START EXERCISE INPUTS
lemma potential_change_sum_mutant:
  assumes "x \<in> S"
  shows "(\<Sum>y\<in>{y. E x y}. potential_change S x y) = (\<Sum>y\<in>{y\<in>V - S. E x y}. 1 / real (degree E y))"
proof -
  have "(\<Sum>y\<in>{y. E x y}. potential_change S x y)
      = (\<Sum>y\<in>{y. E x y}. if y \<notin> S then 1 / real (degree E y) else 0)"
    using assms by (intro sum.cong) (auto simp: potential_change_def)
  also have "\<dots> = (\<Sum>y\<in>{y\<in>{y. E x y}. y \<notin> S}. 1 / real (degree E y))"
    by (rule sum.inter_filter[symmetric]) (rule finite_neighbours)
  also have "{y\<in>{y. E x y}. y \<notin> S} = {y\<in>V - S. E x y}" using edge_in_V by auto
  finally show ?thesis .
qed

lemma potential_change_sum_resident:
  assumes "x \<notin> S"
  shows "(\<Sum>y\<in>{y. E x y}. potential_change S x y) = - (\<Sum>y\<in>{y\<in>S. E x y}. 1 / real (degree E y))"
proof -
  have "(\<Sum>y\<in>{y. E x y}. potential_change S x y)
      = - (\<Sum>y\<in>{y. E x y}. if y \<in> S then 1 / real (degree E y) else 0)"
    using assms by (simp add: potential_change_def sum_negf[symmetric] if_distrib cong: if_cong)
  also have "(\<Sum>y\<in>{y. E x y}. if y \<in> S then 1 / real (degree E y) else 0)
      = (\<Sum>y\<in>{y\<in>{y. E x y}. y \<in> S}. 1 / real (degree E y))"
    by (rule sum.inter_filter[symmetric]) (rule finite_neighbours)
  also have "{y\<in>{y. E x y}. y \<in> S} = {y\<in>S. E x y}" using edge_in_V by auto
  finally show ?thesis .
qed
lemma supporting_normal_root_nonneg:
  assumes "\<alpha> \<in> S" "\<And>y. y \<in> P \<Longrightarrow> c \<bullet> y \<le> d"
    and "F \<subseteq> P \<inter> chamber {\<alpha>} \<inter> {x. c \<bullet> x = d}" "\<not> F \<subseteq> {x. x \<bullet> \<alpha> = 0}"
  shows "\<alpha> \<bullet> c \<ge> 0"
proof (rule ccontr)
  assume "\<not> \<alpha> \<bullet> c \<ge> 0"
  obtain x where "x \<in> F" "x \<bullet> \<alpha> \<noteq> 0" using assms(4) by blast
  then have x: "x \<in> P" "c \<bullet> x = d" "x \<bullet> \<alpha> > 0"
    using assms(3) by (auto simp: chamber_def less_le)
  have "\<alpha> \<bullet> \<alpha> > 0" using simple_nonzero[OF assms(1)] by simp
  then have "2 * (x \<bullet> \<alpha>) / (\<alpha> \<bullet> \<alpha>) > 0" using x(3) by simp
  then have "(2 * (x \<bullet> \<alpha>) / (\<alpha> \<bullet> \<alpha>)) * (\<alpha> \<bullet> c) < 0"
    using \<open>\<not> \<alpha> \<bullet> c \<ge> 0\<close> by (intro mult_pos_neg) auto
  then have "c \<bullet> refl \<alpha> x > d" using x(2) by (simp add: inner_refl_right)
  then show False using assms(2)[OF refl_mem_P[OF assms(1) x(1)]] by simp
qed
(* Let $q>4$ and let $\mathcal{C}\le\mathbb{F}_q^{2n}$ be a formally self-dual divisible linear code of length $2n$. Then $\mathcal{C}$ is monomially equivalent to the direct sum of $n$ copies of $\langle(1,1)\rangle_{\mathbb{F}_q}$.
   Context: For a linear code $\mathcal{C}\le\mathbb{F}_q^N$, $W_\mathcal{C}(x,y)=\sum_{c\in\mathcal{C}}x^{N-\mathrm{wt}(c)}y^{\mathrm{wt}(c)}$, where $\mathrm{wt}(c)$ is the number of nonzero coordinates. $\mathcal{C}$ is formally self-dual if $W_\mathcal{C}(x,y)=W_\mathcal{C}\big(\tfrac{x+(q-1)y}{\sqrt q},\tfrac{x-y}{\sqrt q}\big)$. $\mathcal{C}$ is divisible if there is an integer $\Delta>1$ dividing the weight of every codeword. Two codes are monomially equivalent if one is the image of the other under $v\mapsto DPv$ with $D$ invertible diagonal and $P$ a permutation matrix; the direct sum of $n$ copies of $\langle(1,1)\rangle_{\mathbb{F}_q}$ is the code in $\mathbb{F}_q^{2n}$ with block-diagonal generator matrix of $n$ blocks $(1\ 1)$. *)

theory Defs
  imports Complex_Main "HOL-Combinatorics.Permutations"
begin

text \<open>Vectors of length N over a field are modelled as functions nat => 'a
  that vanish outside the index set {0..<N}.\<close>

definition vecs :: "nat \<Rightarrow> (nat \<Rightarrow> 'a::zero) set" where
  "vecs N = {v. \<forall>i. N \<le> i \<longrightarrow> v i = 0}"

definition linear_code :: "nat \<Rightarrow> (nat \<Rightarrow> 'a::field) set \<Rightarrow> bool" where
  "linear_code N C \<longleftrightarrow> C \<subseteq> vecs N \<and> (\<lambda>i. 0) \<in> C
     \<and> (\<forall>u\<in>C. \<forall>v\<in>C. (\<lambda>i. u i + v i) \<in> C)
     \<and> (\<forall>a. \<forall>v\<in>C. (\<lambda>i. a * v i) \<in> C)"

definition wt :: "nat \<Rightarrow> (nat \<Rightarrow> 'a::zero) \<Rightarrow> nat" where
  "wt N v = card {i. i < N \<and> v i \<noteq> 0}"

definition weight_enum :: "nat \<Rightarrow> (nat \<Rightarrow> 'a::zero) set \<Rightarrow> real \<Rightarrow> real \<Rightarrow> real" where
  "weight_enum N C x y = (\<Sum>c\<in>C. x ^ (N - wt N c) * y ^ (wt N c))"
END EXERCISE INPUTS
Nothing may be omitted or altered; reproduce all of the entries.

lemma potential_change_sum_mutant:
  assumes "x \<in> S"
  shows "(\<Sum>y\<in>{y. E x y}. potential_change S x y) = (\<Sum>y\<in>{y\<in>V - S. E x y}. 1 / real (degree E y))"
proof -
  have "(\<Sum>y\<in>{y. E x y}. potential_change S x y)
      = (\<Sum>y\<in>{y. E x y}. if y \<notin> S then 1 / real (degree E y) else 0)"
    using assms by (intro sum.cong) (auto simp: potential_change_def)
  also have "\<dots> = (\<Sum>y\<in>{y\<in>{y. E x y}. y \<notin> S}. 1 / real (degree E y))"
    by (rule sum.inter_filter[symmetric]) (rule finite_neighbours)
  also have "{y\<in>{y. E x y}. y \<notin> S} = {y\<in>V - S. E x y}" using edge_in_V by auto
  finally show ?thesis .
qed

lemma potential_change_sum_resident:
  assumes "x \<notin> S"
  shows "(\<Sum>y\<in>{y. E x y}. potential_change S x y) = - (\<Sum>y\<in>{y\<in>S. E x y}. 1 / real (degree E y))"
proof -
  have "(\<Sum>y\<in>{y. E x y}. potential_change S x y)
      = - (\<Sum>y\<in>{y. E x y}. if y \<in> S then 1 / real (degree E y) else 0)"
    using assms by (simp add: potential_change_def sum_negf[symmetric] if_distrib cong: if_cong)
  also have "(\<Sum>y\<in>{y. E x y}. if y \<in> S then 1 / real (degree E y) else 0)
      = (\<Sum>y\<in>{y\<in>{y. E x y}. y \<in> S}. 1 / real (degree E y))"
    by (rule sum.inter_filter[symmetric]) (rule finite_neighbours)
  also have "{y\<in>{y. E x y}. y \<in> S} = {y\<in>S. E x y}" using edge_in_V by auto
  finally show ?thesis .
qed
lemma supporting_normal_root_nonneg:
  assumes "\<alpha> \<in> S" "\<And>y. y \<in> P \<Longrightarrow> c \<bullet> y \<le> d"
    and "F \<subseteq> P \<inter> chamber {\<alpha>} \<inter> {x. c \<bullet> x = d}" "\<not> F \<subseteq> {x. x \<bullet> \<alpha> = 0}"
  shows "\<alpha> \<bullet> c \<ge> 0"
proof (rule ccontr)
  assume "\<not> \<alpha> \<bullet> c \<ge> 0"
  obtain x where "x \<in> F" "x \<bullet> \<alpha> \<noteq> 0" using assms(4) by blast
  then have x: "x \<in> P" "c \<bullet> x = d" "x \<bullet> \<alpha> > 0"
    using assms(3) by (auto simp: chamber_def less_le)
  have "\<alpha> \<bullet> \<alpha> > 0" using simple_nonzero[OF assms(1)] by simp
  then have "2 * (x \<bullet> \<alpha>) / (\<alpha> \<bullet> \<alpha>) > 0" using x(3) by simp
  then have "(2 * (x \<bullet> \<alpha>) / (\<alpha> \<bullet> \<alpha>)) * (\<alpha> \<bullet> c) < 0"
    using \<open>\<not> \<alpha> \<bullet> c \<ge> 0\<close> by (intro mult_pos_neg) auto
  then have "c \<bullet> refl \<alpha> x > d" using x(2) by (simp add: inner_refl_right)
  then show False using assms(2)[OF refl_mem_P[OF assms(1) x(1)]] by simp
qed
(* Let $q>4$ and let $\mathcal{C}\le\mathbb{F}_q^{2n}$ be a formally self-dual divisible linear code of length $2n$. Then $\mathcal{C}$ is monomially equivalent to the direct sum of $n$ copies of $\langle(1,1)\rangle_{\mathbb{F}_q}$.
   Context: For a linear code $\mathcal{C}\le\mathbb{F}_q^N$, $W_\mathcal{C}(x,y)=\sum_{c\in\mathcal{C}}x^{N-\mathrm{wt}(c)}y^{\mathrm{wt}(c)}$, where $\mathrm{wt}(c)$ is the number of nonzero coordinates. $\mathcal{C}$ is formally self-dual if $W_\mathcal{C}(x,y)=W_\mathcal{C}\big(\tfrac{x+(q-1)y}{\sqrt q},\tfrac{x-y}{\sqrt q}\big)$. $\mathcal{C}$ is divisible if there is an integer $\Delta>1$ dividing the weight of every codeword. Two codes are monomially equivalent if one is the image of the other under $v\mapsto DPv$ with $D$ invertible diagonal and $P$ a permutation matrix; the direct sum of $n$ copies of $\langle(1,1)\rangle_{\mathbb{F}_q}$ is the code in $\mathbb{F}_q^{2n}$ with block-diagonal generator matrix of $n$ blocks $(1\ 1)$. *)

theory Defs
  imports Complex_Main "HOL-Combinatorics.Permutations"
begin

text \<open>Vectors of length N over a field are modelled as functions nat => 'a
  that vanish outside the index set {0..<N}.\<close>

definition vecs :: "nat \<Rightarrow> (nat \<Rightarrow> 'a::zero) set" where
  "vecs N = {v. \<forall>i. N \<le> i \<longrightarrow> v i = 0}"

definition linear_code :: "nat \<Rightarrow> (nat \<Rightarrow> 'a::field) set \<Rightarrow> bool" where
  "linear_code N C \<longleftrightarrow> C \<subseteq> vecs N \<and> (\<lambda>i. 0) \<in> C
     \<and> (\<forall>u\<in>C. \<forall>v\<in>C. (\<lambda>i. u i + v i) \<in> C)
     \<and> (\<forall>a. \<forall>v\<in>C. (\<lambda>i. a * v i) \<in> C)"

definition wt :: "nat \<Rightarrow> (nat \<Rightarrow> 'a::zero) \<Rightarrow> nat" where
  "wt N v = card {i. i < N \<and> v i \<noteq> 0}"

definition weight_enum :: "nat \<Rightarrow> (nat \<Rightarrow> 'a::zero) set \<Rightarrow> real \<Rightarrow> real \<Rightarrow> real" where
  "weight_enum N C x y = (\<Sum>c\<in>C. x ^ (N - wt N c) * y ^ (wt N c))"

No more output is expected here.